For the entries below, state how many lines include the string "unfolding", and write nothing besides that number.

**EXERCISE DATA**
────────────────

(* Let $\mathcal{C}_{\mathrm{norm}}:=\operatorname{conv}(\{\Sigma_e/\operatorname{Tr}(\Sigma_e)\}_{e\in\mathcal{E}})$ and let $\mathcal{P}_{\mathrm{norm}}$ be the set of distributions $P$ on $\mathbb{R}^{1\times p}$ with $\mathbb{E}_P[\mathbf{x}]=0$, finite second moments, $\mathbb{E}_P\|\mathbf{x}\|_2^2>0$ and $\mathbb{E}_P[\mathbf{x}^\top\mathbf{x}]/\mathbb{E}_P[\|\mathbf{x}\|_2^2]\in\mathcal{C}_{\mathrm{norm}}$. Let $\mathcal{L}$ be one of $\mathcal{L}_{\mathrm{normRCS}}$, $-\mathcal{L}_{\mathrm{normVar}}$, $\mathcal{L}_{\mathrm{normReg}}$ and let $V_k^*\in\arg\min_{V\in\mathcal{O}_{p\times k}}\max_{e\in\mathcal{E}}\mathcal{L}(V;P_e)$ (i.e. $V_k^*$ solves norm-maxRCS, norm-minPCA, norm-maxRegret respectively). Then: (i) for all $V\in\mathcal{O}_{p\times k}$, $\sup_{P\in\mathcal{P}_{\mathrm{norm}}}\mathcal{L}(V;P)=\max_{e\in\mathcal{E}}\mathcal{L}(V;P_e)$; (ii) for all $V,W\in\mathcal{O}_{p\times k}$, if $\max_e\mathcal{L}(V;P_e)<\max_e\mathcal{L}(W;P_e)$ then $\sup_{P\in\mathcal{P}_{\mathrm{norm}}}\mathcal{L}(V;P)<\sup_{P\in\mathcal{P}_{\mathrm{norm}}}\mathcal{L}(W;P)$; (iii) $V_k^*\in\arg\min_{V\in\mathcal{O}_{p\times k}}\sup_{P\in\mathcal{P}_{\mathrm{norm}}}\mathcal{L}(V;P)$; (iv) the conclusion of (iii) does not hold in general for the solutions of poolPCA and sepPCA.
   Context: Let $p\ge 1$ and $1\le k\le p$ be integers and $\mathcal{O}_{p\times k}:=\{V\in\mathbb{R}^{p\times k}: V^\top V=I_k\}$. Source domains are $\mathcal{E}=\{1,\dots,E\}$; for each $e$, $P_e$ is a distribution on $\mathbb{R}^{1\times p}$ with mean zero and finite covariance $\Sigma_e=\mathbb{E}[\mathbf{x}^\top\mathbf{x}]$, $\operatorname{Tr}(\Sigma_e)>0$; weights $w_e>0$, $\sum_e w_e=1$. For symmetric PSD $\Sigma$ with positive trace and $V\in\mathcal{O}_{p\times k}$: $\mathcal{L}_{\mathrm{normVar}}(V;\Sigma)=\operatorname{Tr}(V^\top\Sigma V)/\operatorname{Tr}(\Sigma)$, $\mathcal{L}_{\mathrm{normRCS}}(V;\Sigma)=(\operatorname{Tr}(\Sigma)-\operatorname{Tr}(V^\top\Sigma V))/\operatorname{Tr}(\Sigma)$ ($=\mathbb{E}\|\mathbf{x}-\mathbf{x}VV^\top\|_2^2/\mathbb{E}\|\mathbf{x}\|_2^2$), $\mathcal{L}_{\mathrm{normReg}}(V;\Sigma)=\mathcal{L}_{\mathrm{normRCS}}(V;\Sigma)-\min_{W\in\mathcal{O}_{p\times k}}\mathcal{L}_{\mathrm{normRCS}}(W;\Sigma)$; for $P$ with covariance $\Sigma$, $\mathcal{L}(V;P):=\mathcal{L}(V;\Sigma)$. poolPCA: $V^{\mathrm{pool}}\in\arg\max_V\operatorname{Tr}(V^\top(\sum_e w_e\Sigma_e)V)$. sepPCA: with $V^{*,e}\in\arg\max_V\operatorname{Tr}(V^\top\Sigma_eV)$ and $e_0$ the smallest index minimizing $\operatorname{Tr}((V^{*,e})^\top\Sigma_eV^{*,e})$, $V^{\mathrm{sep}}:=V^{*,e_0}$. *)

theory Defs
  imports "HOL-Probability.Probability"
begin

text \<open>Row vectors in R^{1 x p} are modelled as real^'p; p x k matrices as real^'k^'p
  (rows indexed by 'p, columns by 'k).\<close>

definition orthSt :: "(real^'k^'p) set" where
  "orthSt = {V. transpose V ** V = mat 1}"

definition cov :: "(real^'p) measure \<Rightarrow> real^'p^'p" where
  "cov M = (\<chi> i j. \<integral>x. (x $ i) * (x $ j) \<partial>M)"

definition centered_dist :: "(real^'p) measure \<Rightarrow> bool" where
  "centered_dist M \<longleftrightarrow> prob_space M \<and> sets M = sets borel \<and>
     integrable M (\<lambda>x. x) \<and> integrable M (\<lambda>x. (norm x)\<^sup>2) \<and> (\<integral>x. x \<partial>M) = 0"

definition normVar :: "real^'k^'p \<Rightarrow> real^'p^'p \<Rightarrow> real" where
  "normVar V S = trace (transpose V ** S ** V) / trace S"

definition normRCS :: "real^'k^'p \<Rightarrow> real^'p^'p \<Rightarrow> real" where
  "normRCS V S = (trace S - trace (transpose V ** S ** V)) / trace S"

definition normReg :: "real^'k^'p \<Rightarrow> real^'p^'p \<Rightarrow> real" where
  "normReg V S = normRCS V S - (INF W\<in>(orthSt :: (real^'k^'p) set). normRCS W S)"

definition loss_choices :: "(real^'k^'p \<Rightarrow> real^'p^'p \<Rightarrow> real) set" where
  "loss_choices = {normRCS, (\<lambda>V S. - normVar V S), normReg}"

definition Pnorm :: "(nat \<Rightarrow> (real^'p) measure) \<Rightarrow> nat \<Rightarrow> (real^'p) measure set" where
  "Pnorm P E = {Q. centered_dist Q \<and> (\<integral>x. (norm x)\<^sup>2 \<partial>Q) > 0 \<and>
      (1 / (\<integral>x. (norm x)\<^sup>2 \<partial>Q)) *\<^sub>R cov Q \<in>
        convex hull ((\<lambda>e. (1 / trace (cov (P e))) *\<^sub>R cov (P e)) ` {1..E})}"

definition maxLoss :: "(real^'k^'p \<Rightarrow> real^'p^'p \<Rightarrow> real) \<Rightarrow> (nat \<Rightarrow> (real^'p) measure) \<Rightarrow> nat
    \<Rightarrow> real^'k^'p \<Rightarrow> real" where
  "maxLoss L P E V = Max ((\<lambda>e. L V (cov (P e))) ` {1..E})"

definition supLoss :: "(real^'k^'p \<Rightarrow> real^'p^'p \<Rightarrow> real) \<Rightarrow> (nat \<Rightarrow> (real^'p) measure) \<Rightarrow> nat
    \<Rightarrow> real^'k^'p \<Rightarrow> real" where
  "supLoss L P E V = (SUP Q\<in>Pnorm P E. L V (cov Q))"

definition argminOn :: "(real^'k^'p) set \<Rightarrow> (real^'k^'p \<Rightarrow> real) \<Rightarrow> (real^'k^'p) set" where
  "argminOn A f = {V\<in>A. \<forall>W\<in>A. f V \<le> f W}"

definition poolPCA_sols :: "(nat \<Rightarrow> (real^'p) measure) \<Rightarrow> (nat \<Rightarrow> real) \<Rightarrow> nat \<Rightarrow> (real^'k^'p) set" where
  "poolPCA_sols P w E = {V\<in>orthSt. \<forall>W\<in>(orthSt :: (real^'k^'p) set).
      trace (transpose W ** (\<Sum>e\<in>{1..E}. w e *\<^sub>R cov (P e)) ** W)
        \<le> trace (transpose V ** (\<Sum>e\<in>{1..E}. w e *\<^sub>R cov (P e)) ** V)}"

definition pcaSols :: "real^'p^'p \<Rightarrow> (real^'k^'p) set" where
  "pcaSols S = {V\<in>orthSt. \<forall>W\<in>(orthSt :: (real^'k^'p) set). trace (transpose W ** S ** W) \<le> trace (transpose V ** S ** V)}"

text \<open>sepPCA output for a given choice Vs e of per-environment PCA solutions:
  e0 is the smallest index minimising the explained variance.\<close>
definition sepPCA :: "(nat \<Rightarrow> (real^'p) measure) \<Rightarrow> nat \<Rightarrow> (nat \<Rightarrow> real^'k^'p) \<Rightarrow> real^'k^'p" where
  "sepPCA P E Vs = (let f = (\<lambda>e. trace (transpose (Vs e) ** cov (P e) ** Vs e)) in
     Vs (LEAST e. e \<in> {1..E} \<and> (\<forall>e'\<in>{1..E}. f e \<le> f e')))"

definition valid_instance :: "(nat \<Rightarrow> (real^'p) measure) \<Rightarrow> (nat \<Rightarrow> real) \<Rightarrow> nat \<Rightarrow> bool" where
  "valid_instance P w E \<longleftrightarrow> 1 \<le> E \<and>
     (\<forall>e\<in>{1..E}. centered_dist (P e) \<and> trace (cov (P e)) > 0 \<and> w e > 0) \<and>
     (\<Sum>e\<in>{1..E}. w e) = 1"

end

theory Submission
  imports Defs
begin

(* All three losses are invariant under rescaling of the covariance, and on convex combinations
   of trace-one matrices normRCS and -normVar are affine while normReg (affine minus an infimum
   of affine functions) is convex. The normalized covariance of any P in Pnorm is such a
   combination of the normalized source covariances, so its loss is at most the worst source
   loss; the sources themselves lie in Pnorm, hence sup = max and (ii), (iii) follow.
   For (iv) take p = 2, k = 1 and sources uniform on {e1, -e1} and {e2, -e2} with weights 2/3
   and 1/3: pooled and separate PCA both return the axis e1, whose worst-case loss exceeds that
   of the bisector (e1 + e2)/sqrt 2 by 1/2. *)

definition expl_var :: "real^'k^'p \<Rightarrow> real^'p^'p \<Rightarrow> real" where
  "expl_var V S = trace (transpose V ** S ** V)"

lemma expl_var_eq_sum:
  "expl_var V S = (\<Sum>a\<in>UNIV. \<Sum>j\<in>UNIV. \<Sum>i\<in>UNIV. V$i$a * S$i$j * V$j$a)"
  unfolding expl_var_def trace_def matrix_matrix_mult_def transpose_def
  by (simp add: sum_distrib_left sum_distrib_right mult.assoc mult.commute mult.left_commute)

lemma linear_expl_var: "linear (expl_var V)"
  by (rule linearI) (simp_all add: expl_var_eq_sum sum.distrib sum_distrib_left algebra_simps)

lemma linear_trace: "linear (trace :: real^'n^'n \<Rightarrow> real)"
  by (rule linearI) (simp_all add: trace_def sum.distrib sum_distrib_left)

lemma linear_sum_scaleR:
  fixes f :: "'a::real_vector \<Rightarrow> real"
  assumes "linear f"
  shows "f (\<Sum>x\<in>I. u x *\<^sub>R g x) = (\<Sum>x\<in>I. u x * f (g x))"
  using assms by (simp add: linear_sum linear_scale)

lemma abs_orthSt_entry_le_1:
  assumes "V \<in> orthSt" shows "\<bar>V$i$a\<bar> \<le> (1::real)"
proof -
  have "(transpose V ** V)$a$a = 1" using assms by (simp add: orthSt_def mat_def)
  hence col: "(\<Sum>j\<in>UNIV. (V$j$a)\<^sup>2) = 1"
    by (simp add: matrix_matrix_mult_def transpose_def power2_eq_square)
  have "(V$i$a)\<^sup>2 \<le> (\<Sum>j\<in>UNIV. (V$j$a)\<^sup>2)"
    by (rule member_le_sum) auto
  thus ?thesis using col by (simp add: abs_square_le_1)
qed

lemma orthSt_nonempty:
  assumes "CARD('k) \<le> CARD('p)" shows "(orthSt :: (real^'k^'p) set) \<noteq> {}"
proof -
  obtain f :: "'k \<Rightarrow> 'p" where f: "inj f"
    using card_le_inj[of "UNIV::'k set" "UNIV::'p set"] assms by auto
  define V :: "real^'k^'p" where "V = (\<chi> i j. if i = f j then 1 else 0)"
  have "(transpose V ** V)$a$b = mat 1 $a$b" for a b
  proof -
    have "(transpose V ** V)$a$b = (\<Sum>i\<in>UNIV. (if i = f a then 1 else 0) * (if i = f b then 1 else (0::real)))"
      by (simp add: matrix_matrix_mult_def transpose_def V_def)
    also have "\<dots> = (\<Sum>i\<in>UNIV. if i = f a then (if f a = f b then 1 else 0) else (0::real))"
      by (rule sum.cong) auto
    also have "\<dots> = mat 1 $a$b"
      using f by (auto simp: inj_def mat_def)
    finally show ?thesis .
  qed
  hence "V \<in> orthSt" by (simp add: orthSt_def vec_eq_iff)
  thus ?thesis by auto
qed

lemma abs_expl_var_le:
  assumes "(W::real^'k^'p) \<in> orthSt"
  shows "\<bar>expl_var W S\<bar> \<le> real CARD('k) * (\<Sum>j\<in>UNIV. \<Sum>i\<in>UNIV. \<bar>S$i$j\<bar>)"
proof -
  have entry: "\<bar>W$i$a * S$i$j * W$j$a\<bar> \<le> \<bar>S$i$j\<bar>" for i j a
  proof -
    have "\<bar>W$i$a * S$i$j * W$j$a\<bar> = \<bar>W$i$a\<bar> * \<bar>S$i$j\<bar> * \<bar>W$j$a\<bar>" by (simp add: abs_mult)
    also have "\<dots> \<le> 1 * \<bar>S$i$j\<bar> * 1"
      using abs_orthSt_entry_le_1[OF assms] by (intro mult_mono) auto
    finally show ?thesis by simp
  qed
  have "\<bar>expl_var W S\<bar> \<le> (\<Sum>a\<in>UNIV. \<Sum>j\<in>UNIV. \<Sum>i\<in>UNIV. \<bar>W$i$a * S$i$j * W$j$a\<bar>)"
    unfolding expl_var_eq_sum
    by (rule order_trans[OF sum_abs sum_mono], rule order_trans[OF sum_abs sum_mono], rule sum_abs)
  also have "\<dots> \<le> (\<Sum>a\<in>(UNIV::'k set). \<Sum>j\<in>UNIV. \<Sum>i\<in>UNIV. \<bar>S$i$j\<bar>)"
    by (intro sum_mono entry)
  finally show ?thesis by simp
qed

lemma bdd_below_normRCS: "bdd_below ((\<lambda>W. normRCS W S) ` (orthSt :: (real^'k^'p) set))"
proof -
  define B where "B = (\<bar>trace S\<bar> + real CARD('k) * (\<Sum>j\<in>UNIV. \<Sum>i\<in>UNIV. \<bar>S$i$j\<bar>)) / \<bar>trace S\<bar>"
  have "- B \<le> normRCS W S" if "W \<in> orthSt" for W :: "real^'k^'p"
  proof -
    have "\<bar>trace S - expl_var W S\<bar> \<le> \<bar>trace S\<bar> + real CARD('k) * (\<Sum>j\<in>UNIV. \<Sum>i\<in>UNIV. \<bar>S$i$j\<bar>)"
      using abs_expl_var_le[OF that, of S] by linarith
    hence "\<bar>normRCS W S\<bar> \<le> B"
      unfolding normRCS_def expl_var_def[symmetric] B_def abs_divide
      by (intro divide_right_mono) auto
    thus ?thesis by linarith
  qed
  thus ?thesis by (auto simp: bdd_below_def)
qed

────────────────

**REPLY**
3